DATA:

text \<open>The sequence S_n.  Even n: R^1,R^3,...,R^{n-1},S^n,S^{n-2},...,S^0.
  Odd n: R^1,R^3,...,R^n,S^{n-1},...,S^0.\<close>
definition seq_S :: "nat \<Rightarrow> bool list list" where
  "seq_S n = (if even n
     then concat (map (\<lambda>k. R_lev n (2*k+1)) [0..<n div 2])
          @ concat (map (\<lambda>k. S_lev n (n - 2*k)) [0..<n div 2 + 1])
     else concat (map (\<lambda>k. R_lev n (2*k+1)) [0..<(n+1) div 2])
          @ concat (map (\<lambda>k. S_lev n (n - 1 - 2*k)) [0..<(n+1) div 2]))"

definition f_lab :: "nat \<Rightarrow> bool list \<Rightarrow> nat" where
  "f_lab n x = (THE j. 1 \<le> j \<and> j \<le> length (seq_S n) \<and> seq_S n ! (j - 1) = x)"

definition strength :: "bool list set \<Rightarrow> (bool list \<Rightarrow> bool list \<Rightarrow> bool) \<Rightarrow> (bool list \<Rightarrow> nat) \<Rightarrow> nat" where
  "strength V E f = Max {f u + f v | u v. u \<in> V \<and> v \<in> V \<and> E u v}"

abbreviation str_Q :: "nat \<Rightarrow> nat" where
  "str_Q n \<equiv> strength (hcube_V n) (hcube_adj n) (f_lab n)"

end

theory Submission
  imports Defs
begin

text \<open>Write \<open>x = 11x'\<close>, \<open>y = 11y'\<close> and \<open>m = n - 2\<close>. Strings beginning with \<open>11\<close> occur in
  \<open>S_n\<close> in the same relative order as their tails in \<open>S_m\<close>, and every other string is
  lexicographically below \<open>11z\<close>, so whether it precedes \<open>11z\<close> depends only on its weight and on
  the weight of \<open>z\<close>. Hence \<open>f_n(11z) = f_m(z) + c(weight z)\<close> for an explicit binomial sum \<open>c\<close>.
  The tails are adjacent, so \<open>f_m(x') + f_m(y') \<le> str(Q_m)\<close>; their weights are \<open>w\<close> and \<open>w + 1\<close>,
  and \<open>c(w) + c(w + 1) = 3 \<cdot> 2^m \<plusminus> (C(m - 1, w) + C(m, w + 1))\<close>, which the central binomial
  coefficients bound.\<close>

lemma alternating_sum_choose_Suc:
  "(\<Sum>j\<le>w. (- 1) ^ j * of_nat (Suc m choose j)) = ((- 1) ^ w * of_nat (m choose w) :: 'a :: comm_ring_1)"
  by (induction w) (simp_all add: algebra_simps)
lemma martin_inv_step:
  assumes "1 \<le> n" "martin_inv n x" "ok n (x @ [False]) \<or> ok n (x @ [True])"
  shows "martin_inv n (if ok n (x @ [False]) then x @ [False] else x @ [True])"
proof (cases "ok n (x @ [False])")
  case True
  then show ?thesis
    using assms martin_inv_length[OF assms(2)] by (auto simp: martin_inv_def substrs_snoc)
next
  case False
  with assms martin_inv_length[OF assms(2)]
  have "drop (length x - (n - 1)) x @ [False] \<in> set (substrs n x)"
    by (simp add: martin_inv_def ok_def substrs_snoc)
  then show ?thesis
    using False assms martin_inv_length[OF assms(2)] by (auto simp: martin_inv_def substrs_snoc)
qed

lemma martin_stuck:
  assumes "1 \<le> n"
  shows "martin_inv n (martin n)" "\<not> ok n (martin n @ [b])"
proof -
  let ?b = "\<lambda>x. ok n (x @ [False]) \<or> ok n (x @ [True])"
  let ?c = "\<lambda>x. if ok n (x @ [False]) then x @ [False] else x @ [True]"
  have "\<exists>x. while_option ?b ?c (replicate (n - 1) True) = Some x"
  proof (rule measure_while_option_Some[where P = "martin_inv n" and f = "\<lambda>x. 2 ^ n + n - length x"])
    fix x assume "martin_inv n x" "?b x"
    moreover have "ok n (?c x)"
      using \<open>?b x\<close> by auto
    ultimately show "martin_inv n (?c x) \<and> 2 ^ n + n - length (?c x) < 2 ^ n + n - length x"
      using martin_inv_step[OF assms] ok_length_bound[of n "?c x"] by (auto split: if_splits)
  qed (rule martin_inv_init[OF assms])
  then obtain x where x: "while_option ?b ?c (replicate (n - 1) True) = Some x"
    by blast
  then have "martin n = x"
    by (simp add: martin_def)
  moreover have "martin_inv n x"
    by (rule while_option_rule[OF _ x]) (use martin_inv_step[OF assms] martin_inv_init[OF assms] in auto)
  moreover have "\<not> ?b x"
    using while_option_stop[OF x] .
  ultimately show "martin_inv n (martin n)" "\<not> ok n (martin n @ [b])"
    by (simp, cases b) simp_all
qed

locale martin_terminal =
  fixes n :: nat and x :: "bool list"
  assumes n_pos: "1 \<le> n"
    and inv: "martin_inv n x"
    and stuck: "\<And>b. \<not> ok n (x @ [b])"
begin

abbreviation windows :: "bool list set" where
  "windows \<equiv> set (substrs n x)"

abbreviation final_word :: "bool list" where
  "final_word \<equiv> drop (length x - (n - 1)) x"

lemma length_ge: "n - 1 \<le> length x"
  using martin_inv_length[OF inv] .

lemma prefix_ones: "take (n - 1) x = replicate (n - 1) True"
  using inv by (simp add: martin_inv_def)

lemma ok_x: "ok n x"
  using inv by (simp add: martin_inv_def)

lemma length_final_word: "length final_word = n - 1"
  using length_ge by simp

lemma final_word_extensions: "final_word @ [b] \<in> windows"
  using stuck[of b] ok_x n_pos length_ge by (auto simp: ok_def substrs_snoc)

definition inner_occurrence :: "bool list \<Rightarrow> nat \<Rightarrow> bool" where
  "inner_occurrence z q \<longleftrightarrow> 1 \<le> q \<and> q + (n - 1) \<le> length x \<and> take (n - 1) (drop q x) = z"

lemma preceded_window:
  assumes "inner_occurrence z q"
  shows "take n (drop (q - 1) x) = x ! (q - 1) # z" "q - 1 + n \<le> length x"
proof -
  have "q - 1 < length x" "1 \<le> q"
    using assms n_pos by (auto simp: inner_occurrence_def)
  then have "drop (q - 1) x = x ! (q - 1) # drop q x"
    by (metis Cons_nth_drop_Suc Suc_diff_1 less_le_trans zero_less_one)
  moreover have "n = Suc (n - 1)"
    using n_pos by simp
  ultimately show "take n (drop (q - 1) x) = x ! (q - 1) # z"
    using assms by (metis inner_occurrence_def take_Suc_Cons)
  show "q - 1 + n \<le> length x"
    using assms n_pos by (auto simp: inner_occurrence_def)
qed

lemma preceded_window_mem: "inner_occurrence z q \<Longrightarrow> x ! (q - 1) # z \<in> windows"
  using preceded_window by (force simp: set_substrs)

lemma preceding_bit_inj:
  assumes "inner_occurrence z q" "inner_occurrence z q'" "x ! (q - 1) = x ! (q' - 1)"
  shows "q = q'"
proof -
  have "q - 1 = q' - 1"
    by (rule ok_window_inj[OF ok_x])
      (use preceded_window[OF assms(1)] preceded_window[OF assms(2)] assms(3) in auto)
  then show ?thesis
    using assms(1,2) unfolding inner_occurrence_def by linarith
qed
definition Tv :: "int \<Rightarrow> int \<Rightarrow> op" where
  "Tv a b = (\<lambda>\<tau> \<rho>. if \<tau> \<in> configs a b \<and> \<rho> \<in> configs a b \<and> \<tau> a = \<rho> a \<and> \<tau> b = \<rho> b
      then complex_of_real (exp (beta * (\<Sum>x=a..b. real_of_int (\<rho> x * \<tau> x))))
      else 0)"

definition Tmat :: "int \<Rightarrow> int \<Rightarrow> op" where
  "Tmat a b = op_mult a b (Th_half a b) (op_mult a b (Tv a b) (Th_half a b))"

text \<open>Dual points x' in C^* are written x' = k + 1/2 with k in {a..b-1}.
  flip a k rho flips all rho_x with x < x', i.e. x <= k (within C).\<close>
definition flip :: "int \<Rightarrow> int \<Rightarrow> spin \<Rightarrow> spin" where
  "flip a k \<rho> = (\<lambda>x. if a \<le> x \<and> x \<le> k then - \<rho> x else \<rho> x)"

definition psi0 :: "int \<Rightarrow> int \<Rightarrow> int \<Rightarrow> op" where
  "psi0 a b k = (\<lambda>\<tau> \<rho>. if \<rho> \<in> configs a b \<and> \<tau> = flip a k \<rho>
      then (- of_int (\<rho> k) + \<i> * of_int (\<rho> (k+1))) / complex_of_real (sqrt 2) else 0)"

definition psi0_star :: "int \<Rightarrow> int \<Rightarrow> int \<Rightarrow> op" where
  "psi0_star a b k = (\<lambda>\<tau> \<rho>. if \<rho> \<in> configs a b \<and> \<tau> = flip a k \<rho>
      then (- \<i> * of_int (\<rho> k) + of_int (\<rho> (k+1))) / complex_of_real (sqrt 2) else 0)"

definition CliffGen :: "int \<Rightarrow> int \<Rightarrow> op set" where
  "CliffGen a b = {M. \<exists>c d :: int \<Rightarrow> complex.
      M = (\<lambda>\<tau> \<rho>. \<Sum>k=a..b-1. c k * psi0 a b k \<tau> \<rho> + d k * psi0_star a b k \<tau> \<rho>)}"

text \<open>Lattice strip: edges identified with their midpoints (complex numbers).\<close>
definition edges :: "int \<Rightarrow> int \<Rightarrow> complex set" where
  "edges a b = {Complex (of_int k + 1/2) (of_int y) | k y. a \<le> k \<and> k \<le> b - 1}
             \<union> {Complex (of_int x) (of_int y + 1/2) | x y. a \<le> x \<and> x \<le> b}"

definition vertices :: "int \<Rightarrow> int \<Rightarrow> complex set" where
  "vertices a b = {Complex (of_int x) (of_int y) | x y. a \<le> x \<and> x \<le> b}"

definition face_centres :: "int \<Rightarrow> int \<Rightarrow> complex set" where
  "face_centres a b = {Complex (of_int k + 1/2) (of_int y + 1/2) | k y. a \<le> k \<and> k \<le> b - 1}"
lemma small_witness_twin: "small_witness twin_block twin_patterns"
  unfolding small_witness_def
proof (intro conjI allI impI)
  show "summable (\<lambda>n. real (card (twin_patterns n)) / 2 ^ card (twin_block n))"
  proof (rule summable_comparison_test)
    show "summable (\<lambda>n. (1/2 :: real) ^ n)"
      by simp
    have "real (card (twin_patterns n)) / 2 ^ card (twin_block n) \<le> (1/2) ^ n" for n
    proof -
      have "real (card (twin_patterns n)) / 2 ^ card (twin_block n) \<le> 2 ^ n / 2 ^ (2 * n)"
        unfolding card_twin_block
        using card_twin_patterns_le[of n] by (intro divide_right_mono) (simp_all flip: of_nat_le_iff)
      also have "\<dots> = (1/2) ^ n"
        by (simp add: mult_2 power_add power_one_over)
      finally show ?thesis .
    qed
    then show "\<exists>N. \<forall>n\<ge>N. norm (real (card (twin_patterns n)) / 2 ^ card (twin_block n)) \<le> (1/2) ^ n"
      by simp
  qed
next
  fix n
  show "finite (twin_block n)"
    by (simp add: twin_block_def)
  show "twin_patterns n \<subseteq> twin_block n \<rightarrow>\<^sub>E UNIV"
    by (auto simp: twin_patterns_def)
next
  fix n m :: nat
  assume "n \<noteq> m"
  then show "twin_block n \<inter> twin_block m = {}"
    by (rule disjoint_twin_block)
qed

lemma restrict_in_twin_patterns_iff:
  "restrict z (twin_block n) \<in> twin_patterns n \<longleftrightarrow> (\<forall>i<n. z (twin_left n i) = z (twin_right n i))"
  unfolding twin_patterns_def twin_block_def by auto

lemma twin_block_between:
  assumes k: "strict_mono (k :: nat \<Rightarrow> nat)"
  obtains j d n where "c < j" "j < d" "c \<le> n"
    "twin_left n ` {..<n} \<subseteq> {k c..<k j}" "twin_right n ` {..<n} \<subseteq> {k j..<k d}"
proof -
  define j where "j = 4 * k c + 2 ^ (c + 2) + c + 1"
  define e where "e = floor_log (k j)"
  have kj: "4 * k c + 2 ^ (c + 2) < k j"
    using seq_suble[OF k, of j] unfolding j_def by linarith
  then have e: "2 ^ e \<le> k j" "k j < 2 * 2 ^ e"
    unfolding e_def using floor_log_exp2_le floor_log_exp2_gt by simp_all
  have "floor_log (2 ^ (c + 2)) \<le> e"
    unfolding e_def using kj by (intro floor_log_le_iff) simp
  then have "c + 2 \<le> e"
    by (simp only: floor_log_power)
  define n where "n = e - 2"
  have e_eq: "e = n + 2"
    using \<open>c + 2 \<le> e\<close> unfolding n_def by simp
  define d where "d = 2 ^ (n + 4) + j + 1"
  have kd: "d \<le> k d"
    by (rule seq_suble[OF k])
  show thesis
  proof (rule that)
    show "c < j" "j < d"
      unfolding j_def d_def by simp_all
    show "c \<le> n"
      using \<open>c + 2 \<le> e\<close> unfolding n_def by simp
    have "k c < 2 ^ (n + 1)" "2 ^ (n + 2) \<le> k j" "k j < 2 ^ (n + 3)" "2 ^ (n + 4) \<le> k d"
      using kj e e_eq kd unfolding d_def by (simp_all add: power_add)
    then show "twin_left n ` {..<n} \<subseteq> {k c..<k j}" "twin_right n ` {..<n} \<subseteq> {k j..<k d}"
      using twin_left_bounds twin_right_bounds by (force intro!: image_subsetI)+
  qed
qed

lemma twin_good_windows:
  fixes k :: "nat \<Rightarrow> nat" and K :: "nat \<Rightarrow> (nat \<Rightarrow> bool) set"
  assumes k: "strict_mono k" and K: "small_witness (\<lambda>m. {k m..<k (Suc m)}) K"
  obtains M where "\<And>c. M \<le> c \<Longrightarrow> \<exists>d>c. good_window twin_block twin_patterns k K c d"
proof -
  let ?\<mu> = "\<lambda>m. real (card (K m)) / 2 ^ card {k m..<k (Suc m)}"
  have K_sub: "\<And>m. K m \<subseteq> {k m..<k (Suc m)} \<rightarrow>\<^sub>E UNIV" and "summable ?\<mu>"
    using K unfolding small_witness_def by auto
  then obtain M where M: "\<And>a b. M \<le> a \<Longrightarrow> norm (sum ?\<mu> {a..<b}) < 1/2"
    unfolding summable_Cauchy by (meson half_gt_zero zero_less_one)
  have tail: "sum ?\<mu> {a..<b} < 1/2" if "M \<le> a" for a b
    using M[OF that, of b] by simp
  show thesis
  proof (rule that)
    fix c
    assume "M \<le> c"
    obtain j d n where "c < j" "j < d" "c \<le> n"
      and left: "twin_left n ` {..<n} \<subseteq> {k c..<k j}" and right: "twin_right n ` {..<n} \<subseteq> {k j..<k d}"
      using twin_block_between[OF k] .
    then obtain z where avoid: "\<forall>m\<in>{c..<d}. restrict z {k m..<k (Suc m)} \<notin> K m"
      and agree: "\<forall>i\<in>{..<n}. z (twin_left n i) = z (twin_right n i)"
      using exists_avoiding_agreeing[OF k K_sub tail tail inj_on_twin_left left inj_on_twin_right right]
        \<open>M \<le> c\<close> by auto
    have "twin_block n \<subseteq> {k c..<k d}"
      using left right \<open>c < j\<close> \<open>j < d\<close> strict_monoD[OF k]
      unfolding twin_block_def by fastforce
    with \<open>c \<le> n\<close> avoid agree have "good_window twin_block twin_patterns k K c d"
      unfolding good_window_def
      by (intro exI[of _ n] exI[of _ z] conjI) (auto simp: restrict_in_twin_patterns_iff)
    with \<open>c < j\<close> \<open>j < d\<close> show "\<exists>d>c. good_window twin_block twin_patterns k K c d"
      by (intro exI[of _ d]) simp
  qed
qed
text \<open>
  Let \<open>w'\<close> be \<open>w\<close> with its \<open>i\<close>-th coordinate set to zero and \<open>t = w\<^sub>i\<close>. Against a
  fixed \<open>w\<close> the best adversary shifts every feature by \<open>\<epsilon>\<close> against the label along
  \<open>sgn w\<close>, so its value is the robust hinge risk \<open>R(w) = E[max 0 (1 - y w\<cdot>x + \<epsilon>|w|\<^sub>1)]\<close>
  plus the regulariser. The hinge argument of \<open>R(w)\<close> exceeds that of \<open>R(w')\<close> by
  \<open>c + t (\<mu>\<^sub>i - y x\<^sub>i)\<close>, where \<open>c = \<epsilon>|t| - t \<mu>\<^sub>i \<ge> 0\<close> for a non-robust feature. By (A1)
  and (A2), \<open>\<mu>\<^sub>i - y x\<^sub>i\<close> has mean zero given \<open>y\<close> and the other features, so the
  subgradient bound \<open>max 0 (a + c + t d) \<ge> max 0 a + t d [a + c > 0]\<close> integrates to
  \<open>R(w') \<le> R(w)\<close>. At an equilibrium \<open>(\<delta>\<^sup>*, w\<^sup>*)\<close> therefore
  \<open>R(w\<^sup>*) + \<lambda>/2 |w\<^sup>*|\<^sup>2 \<le> U(\<delta>\<^sup>*, w\<^sup>*) \<le> U(\<delta>\<^sup>*, w') \<le> R(w') + \<lambda>/2 |w'|\<^sup>2 \<le> R(w\<^sup>*) + \<lambda>/2 |w'|\<^sup>2\<close>,
  that is \<open>\<lambda>/2 (w\<^sup>*\<^sub>i)\<^sup>2 \<le> 0\<close>.
\<close>

lemma
  fixes f :: "'a \<Rightarrow> real"
  assumes "finite_measure M" and S: "S \<in> sets M" and pos: "measure M S > 0"
    and f: "integrable M f"
  shows integrable_uniform_measure: "integrable (uniform_measure M S) f"
    and integral_uniform_measure:
      "integral\<^sup>L (uniform_measure M S) f = integral\<^sup>L M (\<lambda>x. f x * indicator S x) / measure M S"
proof -
  interpret finite_measure M by fact
  have [measurable]: "S \<in> sets M" "f \<in> borel_measurable M"
    using S f by auto
  have dens: "uniform_measure M S = density M (\<lambda>x. ennreal (indicator S x / measure M S))"
    unfolding uniform_measure_def
    by (intro arg_cong[where f="density M"] ext)
       (simp add: emeasure_eq_measure divide_ennreal[symmetric] pos ennreal_indicator)
  have nonneg: "AE x in M. 0 \<le> indicator S x / measure M S"
    using pos by auto
  have "integrable M (\<lambda>x. (1 / measure M S) *\<^sub>R (indicator S x *\<^sub>R f x))"
    using S f by (intro integrable_scaleR_right integrable_mult_indicator)
  then show "integrable (uniform_measure M S) f"
    unfolding dens using f by (subst integrable_density) (auto simp: nonneg)
  show "integral\<^sup>L (uniform_measure M S) f = integral\<^sup>L M (\<lambda>x. f x * indicator S x) / measure M S"
    unfolding dens using S f by (subst integral_density) (auto simp: nonneg mult.commute)
qed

EXERCISE PROMPT: What do the lines above say from the one containing "by (intro arg_cong[where" down to the one containing "using pos by auto"? Return them exactly, both end lines included, and only them.

TASK SOLUTION:
    by (intro arg_cong[where f="density M"] ext)
       (simp add: emeasure_eq_measure divide_ennreal[symmetric] pos ennreal_indicator)
  have nonneg: "AE x in M. 0 \<le> indicator S x / measure M S"
    using pos by auto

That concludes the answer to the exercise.